Earlier this week, news of a new paper about the number of protein-encoding genes surfaced on Sandwalk and Henry. The paper’s title is straightforward, “Distinguishing protein-coding and noncoding genes in the human genome” but the concepts behind it may not be.
As mentioned in Sandwalk, the initial estimates of the number of genes in the human genome was about 30,000. That was when the first drafts of the human genome became available in June of 2000. Since then the numbers have been fluctuating, and for many it may seem like geneticists and molecular biologists working on annotating the human genome are riding a roller coaster of indecision. In reality, it is not easy to exactly calculate the number of the genes in any genome.
Why is it not easy to calculate the number of genes? The human genome is around 3,000,000,000 bases long. That’s three thousand million and the average human gene is 12,000 bases long! It is almost like finding a needle in a haystack, but thankfully there is some organization in the genome that helps us find genes faster. Large deserts of junk DNA exist, which helps weed out the possibility of finding genes. And since a gene have a start and a stop, we can harness the power of computers to scan and seek out these signals.
See, the current work flow to estimate the number of genes is to first isolate genomic DNA from the organism. The DNA is then sheared up into many fragments and depending on the cloning mechanism, the fragments are amplified by PCR, in vector expressing bacteria, or both! Once amplified the fragments are then sequenced. This is called shotgun sequencing, the method that Craig Venter deployed to help accelerate the sequencing of the human genome. Since some fragments are larger than other, it is possible to create scaffolding based on homologous sequences called contigs to figure our where fragments fall in order. This is called the assembly of the genome.
Once most of the fragments are assembled, it is also possible to annotate the genome. Annotate means to explain what the nucleotide sequence means. If a nucleotide sequence begins with a start codon and ends with a stop codon in frame, it creates a big flag that this sequence maybe a gene. There’s a lot of definitions of a gene, and for the sake of this post, let’s run on the one definition that calls a gene as any sequence of DNA that is transcribed. This segment of the genome is further scrutinized for splice sites and any other regions, such as regulatory sequences, to help figure out if it’s really a gene. The sequence is also compared to other known sequences, using BLAST, a tool the compares the sequence to a massive database of sequence. If any significant matches come up to already known genes, the possibility that the unknown sequence is a gene increases based on the observation that genes are generally highly conserved throughout evolutionary time.
If the sequence meets all the criteria of a gene, it is labeled an open reading frame or ORF. ORFs are putative genes. In order to confirm an ORF, researchers often need to turn to the wet-lab to either find the gene expressed as an RNA or protein in an organism. With 30,000 or so ORFs, the process of validating each gene is enormous and time consuming. Not every research lab is working on confirming if an ORF is really a gene, so that also slows down the process.

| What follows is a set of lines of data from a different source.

lemma swap12_adj:
  assumes x: "x \<in> V" and y: "y \<in> V" and a: "adj x y"
  shows "adj (swap12 m n x) (swap12 m n y)"
proof (cases "\<exists>i. x i = 2"; cases "\<exists>i. y i = 2")
  assume "\<exists>i. x i = 2" "\<exists>i. y i = 2"
  then show ?thesis
    using a unfolding swap12_apply[OF x] swap12_apply[OF y] SR_adj_iff by simp
next
  assume "\<exists>i. x i = 2" "\<not> (\<exists>i. y i = 2)"
  then show ?thesis using swap12_adj_mixed[OF x y a] swap12_apply[OF y] by auto
next
  assume "\<not> (\<exists>i. x i = 2)" "\<exists>i. y i = 2"
  then show ?thesis
    using swap12_adj_mixed[OF y x SR_adj_sym[OF a]] SR_adj_sym swap12_apply[OF x] by auto
next
  assume "\<not> (\<exists>i. x i = 2)" "\<not> (\<exists>i. y i = 2)"
  then show ?thesis using a swap12_apply[OF x] swap12_apply[OF y] by simp
qed

lemma swap12_in_SR_Aut: "swap12 m n \<in> SR_Aut m n"
proof -
  have "bij_betw (swap12 m n) V V"
    by (rule bij_betw_byWitness[where f'="swap12 m n"]) (use swap12_involution swap12_in_V in auto)
  moreover have "adj (swap12 m n x) (swap12 m n y) \<longleftrightarrow> adj x y" if x: "x \<in> V" and y: "y \<in> V" for x y
  proof
    assume "adj (swap12 m n x) (swap12 m n y)"
    then have "adj (swap12 m n (swap12 m n x)) (swap12 m n (swap12 m n y))"
      using swap12_adj[OF swap12_in_V[OF x] swap12_in_V[OF y]] by simp
    then show "adj x y" using swap12_involution x y by simp
  qed (rule swap12_adj[OF x y])
  ultimately show ?thesis by (simp add: SR_Aut_def Bij_def swap12_def)
qed

lemma swap12_corner: "i < m \<Longrightarrow> swap12 m n (corner i) = corner i"
  using swap12_apply[OF corner_in_V] n3 unfolding corner_def by simp

lemma swap12_pair_vert:
  assumes ij: "i < m" "j < m" "i \<noteq> j" and u: "0 < u" "u < n"
  shows "swap12 m n (pair_vert i j u) = pair_vert i j (3 - u)"
proof -
  have u12: "u = 1 \<or> u = 2" using u n3 by auto
  then have "\<exists>k. pair_vert i j u k = 2" using ij n3 unfolding pair_vert_def by auto
  then have "swap12 m n (pair_vert i j u) = (\<lambda>k. swap_digit (pair_vert i j u k))"
    using swap12_apply[OF pair_vert_in_V[OF ij]] u by simp
  also have "\<dots> = pair_vert i j (3 - u)"
    using u12 n3 unfolding pair_vert_def swap_digit_def by auto
  finally show ?thesis .
qed

end

end

section \<open>The permutation induced on the lines\<close>

locale SR_corner_fixing = SR_graph +
  fixes g
  assumes g_aut: "g \<in> SR_Aut m n" and g_corner: "\<And>i. i < m \<Longrightarrow> g (corner i) = corner i"
begin

definition line_map :: "nat \<Rightarrow> nat \<Rightarrow> nat \<Rightarrow> nat" where
  "line_map i j u = (SOME v. 0 < v \<and> v < n \<and> g (pair_vert i j u) = pair_vert i j v)"

lemma line_map:
  assumes "i < m" "j < m" "i \<noteq> j" "0 < u" "u < n"
  shows "0 < line_map i j u" "line_map i j u < n" "g (pair_vert i j u) = pair_vert i j (line_map i j u)"
proof -
  have "\<exists>v. 0 < v \<and> v < n \<and> g (pair_vert i j u) = pair_vert i j v"
    using SR_Aut_pair_vert[OF g_aut g_corner assms] by blast
  from someI_ex[OF this] show "0 < line_map i j u" "line_map i j u < n"
    "g (pair_vert i j u) = pair_vert i j (line_map i j u)" unfolding line_map_def by blast+
qed

lemma line_map_change_end:
  assumes "i < m" "j < m" "k < m" "i \<noteq> j" "i \<noteq> k" "j \<noteq> k" "0 < u" "u < n"
  shows "line_map i j u = line_map i k u"
proof -
  have "adj (pair_vert i j u) (pair_vert i k u)" using pair_vert_adj_iff[of i j k u u] assms by simp
  moreover have "pair_vert i j u \<in> V" "pair_vert i k u \<in> V" using pair_vert_in_V assms by auto
  ultimately have "adj (g (pair_vert i j u)) (g (pair_vert i k u))"
    using SR_Aut_adj_iff[OF g_aut] by blast
  then have "adj (pair_vert i j (line_map i j u)) (pair_vert i k (line_map i k u))"
    using line_map(3)[of i j u] line_map(3)[of i k u] assms by simp
  then show ?thesis
    using pair_vert_adj_iff[of i j k "line_map i j u" "line_map i k u"] line_map(2)[of i j u]
      line_map(2)[of i k u] assms by auto
qed

lemma line_map_swap:
  assumes "i < m" "j < m" "i \<noteq> j" "0 < u" "u < n"
  shows "line_map j i (n - u) = n - line_map i j u"
proof -
  have e: "pair_vert j i (n - u) = pair_vert i j u" using pair_vert_swap assms by simp
  have 1: "g (pair_vert j i (n - u)) = pair_vert j i (line_map j i (n - u))"
    using line_map(3)[of j i "n - u"] assms by simp
  have 2: "g (pair_vert i j u) = pair_vert i j (line_map i j u)" using line_map(3)[of i j u] assms by simp
  have "pair_vert i j (line_map i j u) = pair_vert j i (n - line_map i j u)"
    using pair_vert_swap[of i j "line_map i j u"] line_map(2)[of i j u] assms by simp
  then have "pair_vert j i (line_map j i (n - u)) = pair_vert j i (n - line_map i j u)" using 1 2 e by simp
  then show ?thesis using pair_vert_eq_iff assms(3) by simp
qed

lemma line_map_change_start:
  assumes "i < m" "j < m" "k < m" "i \<noteq> j" "i \<noteq> k" "j \<noteq> k" "0 < u" "u < n"
  shows "line_map i j u = line_map k j u"
proof -
  have 1: "line_map j i (n - u) = n - line_map i j u" using line_map_swap[of i j u] assms by simp
  have 2: "line_map j k (n - u) = n - line_map k j u" using line_map_swap[of k j u] assms by simp
  have 3: "line_map j i (n - u) = line_map j k (n - u)" using line_map_change_end[of j i k "n - u"] assms by simp
  have "line_map i j u < n" "line_map k j u < n" using line_map(2)[of i j u] line_map(2)[of k j u] assms by auto
  then show ?thesis using 1 2 3 by simp
qed

definition phi :: "nat \<Rightarrow> nat" where
  "phi u = line_map 0 1 u"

The research conducted in the paper above, involved scrutinizing 22,000 ORFs from the Ensembl database. The analysis revealed a lot of orphan DNA sequences. Orphan sequences look like they encode proteins because of their open reading frames, but they are not present in the mouse and dog genomes. Just cause dogs and mice didn’t have the ORFs didn’t mean the ORFs aren’t real genes. They could be unique primates genes, deriving during or after the primate lineage split from the rest of the mammals. Or, the genes could have been more ancient creations and lost in mouse and dog lineages. Either way, if the ORFs were also compared to primate genomes, then they should appear there as well.

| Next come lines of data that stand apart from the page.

theorem theorem5p5:
  fixes n r :: nat and B U K L T :: "complex mat" and \<sigma> :: "nat \<Rightarrow> real"
  defines "Sig \<equiv> mat r r (\<lambda>(i,j). if i = j then complex_of_real (\<sigma> i) else 0)"
      and "SigInv \<equiv> mat r r (\<lambda>(i,j). if i = j then complex_of_real (1 / \<sigma> i) else 0)"
  assumes B: "B \<in> carrier_mat n n" and Bnz: "B \<noteq> 0\<^sub>m n n"
      and rk: "vec_space.rank n B = r"
      and U: "unitary_mat U n"
      and sig_pos: "\<forall>i<r. \<sigma> i > 0"
      and sig_sv: "\<forall>i<r. \<exists>v. v \<in> carrier_vec n \<and> v \<noteq> 0\<^sub>v n \<and>
                     (mat_adjoint B * B) *\<^sub>v v = complex_of_real ((\<sigma> i)\<^sup>2) \<cdot>\<^sub>v v"
      and K: "K \<in> carrier_mat r r" and L: "L \<in> carrier_mat r (n - r)"
      and KL: "K * mat_adjoint K + L * mat_adjoint L = 1\<^sub>m r"
      and HS: "B = U * four_block_mat (Sig * K) (Sig * L) (0\<^sub>m (n - r) r) (0\<^sub>m (n - r) (n - r)) * mat_adjoint U"
      and T: "T \<in> carrier_mat r r" and Tidem: "T * T = T"
  shows "diamond_le
           (mp_inverse (U * four_block_mat (mp_inverse (SigInv * T) * K) (mp_inverse (SigInv * T) * L)
                (0\<^sub>m (n - r) r) (0\<^sub>m (n - r) (n - r)) * mat_adjoint U))
           (mp_inverse B)
         \<longleftrightarrow> T * (mat_adjoint T - 1\<^sub>m r) * (SigInv * SigInv) * T = 0\<^sub>m r r"
proof -
  have "r \<le> n" using vec_space.rank_le_nc B rk by metis
  then obtain P C where P: "P \<in> carrier_mat n r" and C: "C \<in> carrier_mat r n"
    and PP: "mat_adjoint P * P = 1\<^sub>m r" and CC: "C * mat_adjoint C = 1\<^sub>m r"
    and factor: "\<And>X. X \<in> carrier_mat r r \<Longrightarrow>
      U * four_block_mat (X * K) (X * L) (0\<^sub>m (n - r) r) (0\<^sub>m (n - r) (n - r)) * mat_adjoint U = P * X * C"
    using hartwig_spindelboeck_isometry_factor[OF U _ K L KL] by blast
  have Sig: "Sig \<in> carrier_mat r r" and SigInv: "SigInv \<in> carrier_mat r r"
    unfolding Sig_def SigInv_def by auto
  have "SigInv * Sig = 1\<^sub>m r" and "Sig * SigInv = 1\<^sub>m r"
    unfolding Sig_def SigInv_def using sig_pos
    by (auto intro!: diag_mat_mult_eq_one simp flip: of_real_mult)
  moreover have "mat_adjoint SigInv = SigInv"
    unfolding SigInv_def by (rule mat_adjoint_diag_real)
  moreover have "mp_inverse (SigInv * T) \<in> carrier_mat r r"
    using penrose_mp_inverse[of "SigInv * T" r r] SigInv T unfolding penrose_def by simp
  ultimately show ?thesis
    unfolding HS factor[OF Sig] factor[OF \<open>mp_inverse (SigInv * T) \<in> carrier_mat r r\<close>]
    using diamond_le_mp_inverse_isometry_factor_iff[OF P C PP CC SigInv Sig T] by simp
qed

end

Comparing the ORFs to the chimpanzee and macaque genomes invalidated a total of about 5,000 ORFs that had been incorrectly added to the lists of protein-coding genes. This reduces the current estimate to roughly 20,500 genes that encode for proteins in the human genome. That’s not much, evolution isn’t a numbers game. Some of the variation in the genes as well as the patterns of regulation and expression of these genes are what makes us human. So if you’re thinking, “Why do humans have so few genes?” don’t fret, size doesn’t matter in this case.